Set down each entry below exactly as it stands.

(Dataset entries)
_ _ _ _

lemma open_neighbourhood_contains_punctured_Cone:
  assumes "openin T U" "x \<in> U"
  obtains B where "finite B" "\<forall>b\<in>B. le b x \<and> b \<noteq> x" "C x - \<Union> (C ` B) \<subseteq> U"
proof -
  have "generate_topology_on (C ` X \<union> (\<lambda>x. X - C x) ` X) U"
    using assms(1) openin_admTop_iff by blast
  then have "\<exists>B. finite B \<and> (\<forall>b\<in>B. le b x \<and> b \<noteq> x) \<and> C x - \<Union> (C ` B) \<subseteq> U"
    using assms(2)
  proof (induction arbitrary: x rule: generate_topology_on.induct)
    case Empty
    then show ?case by simp
  next
    case (Int U V)
    obtain B1 where B1: "finite B1" "\<forall>b\<in>B1. le b x \<and> b \<noteq> x" "C x - \<Union> (C ` B1) \<subseteq> U"
      using Int.IH(1)[of x] Int.prems by blast
    obtain B2 where B2: "finite B2" "\<forall>b\<in>B2. le b x \<and> b \<noteq> x" "C x - \<Union> (C ` B2) \<subseteq> V"
      using Int.IH(2)[of x] Int.prems by blast
    have "C x - \<Union> (C ` (B1 \<union> B2)) \<subseteq> U \<inter> V"
      using B1(3) B2(3) by blast
    then show ?case
      using B1(1,2) B2(1,2) by (intro exI[of _ "B1 \<union> B2"]) auto
  next
    case (UN \<U>)
    from UN.prems obtain U where U: "U \<in> \<U>" "x \<in> U" by blast
    obtain B where B: "finite B" "\<forall>b\<in>B. le b x \<and> b \<noteq> x" "C x - \<Union> (C ` B) \<subseteq> U"
      using UN.IH[OF U] by blast
    then show ?case
      using U(1) by (intro exI[of _ B]) blast
  next
    case (Basis S)
    then consider y where "y \<in> X" "S = C y" | y where "y \<in> X" "S = X - C y" by blast
    then show ?case
    proof cases
      case 1
      then have "C x \<subseteq> S"
        using Basis.prems Cone_mono by simp
      then show ?thesis by (intro exI[of _ "{}"]) simp
    next
      case 2
      then have "x \<in> X - C y"
        using Basis.prems by simp
      then obtain B where "finite B" "\<forall>b\<in>B. le b x \<and> b \<noteq> x" "C x - \<Union> (C ` B) \<subseteq> X - C y"
        by (rule Cone_complement_neighbourhood[OF 2(1)])
      then show ?thesis
        using 2(2) by blast
    qed
  qed
  then show thesis using that by blast
qed

lemma Hausdorff_admTop: "Hausdorff_space T"
  unfolding Hausdorff_space_def topspace_admTop
proof (intro allI impI, elim conjE)
  have separate: "\<exists>U V. openin T U \<and> openin T V \<and> x \<in> U \<and> y \<in> V \<and> disjnt U V"
    if "x \<in> X" "y \<in> X" "\<not> le y x" for x y
    using that openin_Cone openin_Cone_complement le_refl
    by (intro exI[of _ "C x"] exI[of _ "X - C x"]) (auto simp: disjnt_def)
  fix x y assume xy: "x \<in> X" "y \<in> X" "x \<noteq> y"
  then consider "\<not> le y x" | "\<not> le x y"
    using le_antisym by blast
  then show "\<exists>U V. openin T U \<and> openin T V \<and> x \<in> U \<and> y \<in> V \<and> disjnt U V"
  proof cases
    case 1
    then show ?thesis using separate xy by blast
  next
    case 2
    then obtain V U where "openin T V" "openin T U" "y \<in> V" "x \<in> U" "disjnt V U"
      using separate xy by blast
    then show ?thesis using disjnt_sym by blast
  qed
qed

lemma compactin_Cone: "x \<in> X \<Longrightarrow> compactin T (C x)"
  using wf_inv_image[OF WF, of snd]
proof (induction x rule: wf_induct_rule)
  case (less x)
  have finite_subcover: "\<exists>\<F>. finite \<F> \<and> \<F> \<subseteq> \<U> \<and> C x \<subseteq> \<Union> \<F>"
    if open_cover: "\<forall>U\<in>\<U>. openin T U" "C x \<subseteq> \<Union> \<U>" for \<U>
  proof -
    have "x \<in> C x"
      using less.prems le_refl by simp
    then obtain V where V: "V \<in> \<U>" "x \<in> V"
      using open_cover(2) by blast
    obtain B where B: "finite B" "\<forall>b\<in>B. le b x \<and> b \<noteq> x" "C x - \<Union> (C ` B) \<subseteq> V"
      using open_neighbourhood_contains_punctured_Cone[of V x] open_cover(1) V by blast
    have "compactin T (C b)" if "b \<in> B" for b
      using less.IH[of b] le_level_less[of b x] le_carrier[of b x] B(2) that by simp
    then have "compactin T (\<Union> (C ` B))"
      using B(1) by (intro compactin_Union) auto
    moreover have "\<Union> (C ` B) \<subseteq> C x"
      using B(2) Cone_mono by blast
    ultimately have "\<exists>\<F>. finite \<F> \<and> \<F> \<subseteq> \<U> \<and> \<Union> (C ` B) \<subseteq> \<Union> \<F>"
      using open_cover by (intro compactinD) auto
    then obtain \<F> where \<F>: "finite \<F>" "\<F> \<subseteq> \<U>" "\<Union> (C ` B) \<subseteq> \<Union> \<F>"
      by blast
    have "C x \<subseteq> \<Union> (insert V \<F>)"
      using B(3) \<F>(3) by blast
    then show ?thesis
      using V(1) \<F>(1,2) by (intro exI[of _ "insert V \<F>"]) simp
  qed
  show ?case
    unfolding compactin_def topspace_admTop
  proof (intro conjI allI impI Cone_subset)
    fix \<U> assume "(\<forall>U\<in>\<U>. openin T U) \<and> C x \<subseteq> \<Union> \<U>"
    then show "\<exists>\<F>. finite \<F> \<and> \<F> \<subseteq> \<U> \<and> C x \<subseteq> \<Union> \<F>"
      by (elim conjE) (rule finite_subcover)
  qed
qed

_ _ _ _

[ANSWER FOR THIS EXERCISE]
lemma open_neighbourhood_contains_punctured_Cone:
  assumes "openin T U" "x \<in> U"
  obtains B where "finite B" "\<forall>b\<in>B. le b x \<and> b \<noteq> x" "C x - \<Union> (C ` B) \<subseteq> U"
proof -
  have "generate_topology_on (C ` X \<union> (\<lambda>x. X - C x) ` X) U"
    using assms(1) openin_admTop_iff by blast
  then have "\<exists>B. finite B \<and> (\<forall>b\<in>B. le b x \<and> b \<noteq> x) \<and> C x - \<Union> (C ` B) \<subseteq> U"
    using assms(2)
  proof (induction arbitrary: x rule: generate_topology_on.induct)
    case Empty
    then show ?case by simp
  next
    case (Int U V)
    obtain B1 where B1: "finite B1" "\<forall>b\<in>B1. le b x \<and> b \<noteq> x" "C x - \<Union> (C ` B1) \<subseteq> U"
      using Int.IH(1)[of x] Int.prems by blast
    obtain B2 where B2: "finite B2" "\<forall>b\<in>B2. le b x \<and> b \<noteq> x" "C x - \<Union> (C ` B2) \<subseteq> V"
      using Int.IH(2)[of x] Int.prems by blast
    have "C x - \<Union> (C ` (B1 \<union> B2)) \<subseteq> U \<inter> V"
      using B1(3) B2(3) by blast
    then show ?case
      using B1(1,2) B2(1,2) by (intro exI[of _ "B1 \<union> B2"]) auto
  next
    case (UN \<U>)
    from UN.prems obtain U where U: "U \<in> \<U>" "x \<in> U" by blast
    obtain B where B: "finite B" "\<forall>b\<in>B. le b x \<and> b \<noteq> x" "C x - \<Union> (C ` B) \<subseteq> U"
      using UN.IH[OF U] by blast
    then show ?case
      using U(1) by (intro exI[of _ B]) blast
  next
    case (Basis S)
    then consider y where "y \<in> X" "S = C y" | y where "y \<in> X" "S = X - C y" by blast
    then show ?case
    proof cases
      case 1
      then have "C x \<subseteq> S"
        using Basis.prems Cone_mono by simp
      then show ?thesis by (intro exI[of _ "{}"]) simp
    next
      case 2
      then have "x \<in> X - C y"
        using Basis.prems by simp
      then obtain B where "finite B" "\<forall>b\<in>B. le b x \<and> b \<noteq> x" "C x - \<Union> (C ` B) \<subseteq> X - C y"
        by (rule Cone_complement_neighbourhood[OF 2(1)])
      then show ?thesis
        using 2(2) by blast
    qed
  qed
  then show thesis using that by blast
qed

lemma Hausdorff_admTop: "Hausdorff_space T"
  unfolding Hausdorff_space_def topspace_admTop
proof (intro allI impI, elim conjE)
  have separate: "\<exists>U V. openin T U \<and> openin T V \<and> x \<in> U \<and> y \<in> V \<and> disjnt U V"
    if "x \<in> X" "y \<in> X" "\<not> le y x" for x y
    using that openin_Cone openin_Cone_complement le_refl
    by (intro exI[of _ "C x"] exI[of _ "X - C x"]) (auto simp: disjnt_def)
  fix x y assume xy: "x \<in> X" "y \<in> X" "x \<noteq> y"
  then consider "\<not> le y x" | "\<not> le x y"
    using le_antisym by blast
  then show "\<exists>U V. openin T U \<and> openin T V \<and> x \<in> U \<and> y \<in> V \<and> disjnt U V"
  proof cases
    case 1
    then show ?thesis using separate xy by blast
  next
    case 2
    then obtain V U where "openin T V" "openin T U" "y \<in> V" "x \<in> U" "disjnt V U"
      using separate xy by blast
    then show ?thesis using disjnt_sym by blast
  qed
qed

lemma compactin_Cone: "x \<in> X \<Longrightarrow> compactin T (C x)"
  using wf_inv_image[OF WF, of snd]
proof (induction x rule: wf_induct_rule)
  case (less x)
  have finite_subcover: "\<exists>\<F>. finite \<F> \<and> \<F> \<subseteq> \<U> \<and> C x \<subseteq> \<Union> \<F>"
    if open_cover: "\<forall>U\<in>\<U>. openin T U" "C x \<subseteq> \<Union> \<U>" for \<U>
  proof -
    have "x \<in> C x"
      using less.prems le_refl by simp
    then obtain V where V: "V \<in> \<U>" "x \<in> V"
      using open_cover(2) by blast
    obtain B where B: "finite B" "\<forall>b\<in>B. le b x \<and> b \<noteq> x" "C x - \<Union> (C ` B) \<subseteq> V"
      using open_neighbourhood_contains_punctured_Cone[of V x] open_cover(1) V by blast
    have "compactin T (C b)" if "b \<in> B" for b
      using less.IH[of b] le_level_less[of b x] le_carrier[of b x] B(2) that by simp
    then have "compactin T (\<Union> (C ` B))"
      using B(1) by (intro compactin_Union) auto
    moreover have "\<Union> (C ` B) \<subseteq> C x"
      using B(2) Cone_mono by blast
    ultimately have "\<exists>\<F>. finite \<F> \<and> \<F> \<subseteq> \<U> \<and> \<Union> (C ` B) \<subseteq> \<Union> \<F>"
      using open_cover by (intro compactinD) auto
    then obtain \<F> where \<F>: "finite \<F>" "\<F> \<subseteq> \<U>" "\<Union> (C ` B) \<subseteq> \<Union> \<F>"
      by blast
    have "C x \<subseteq> \<Union> (insert V \<F>)"
      using B(3) \<F>(3) by blast
    then show ?thesis
      using V(1) \<F>(1,2) by (intro exI[of _ "insert V \<F>"]) simp
  qed
  show ?case
    unfolding compactin_def topspace_admTop
  proof (intro conjI allI impI Cone_subset)
    fix \<U> assume "(\<forall>U\<in>\<U>. openin T U) \<and> C x \<subseteq> \<Union> \<U>"
    then show "\<exists>\<F>. finite \<F> \<and> \<F> \<subseteq> \<U> \<and> C x \<subseteq> \<Union> \<F>"
      by (elim conjE) (rule finite_subcover)
  qed
qed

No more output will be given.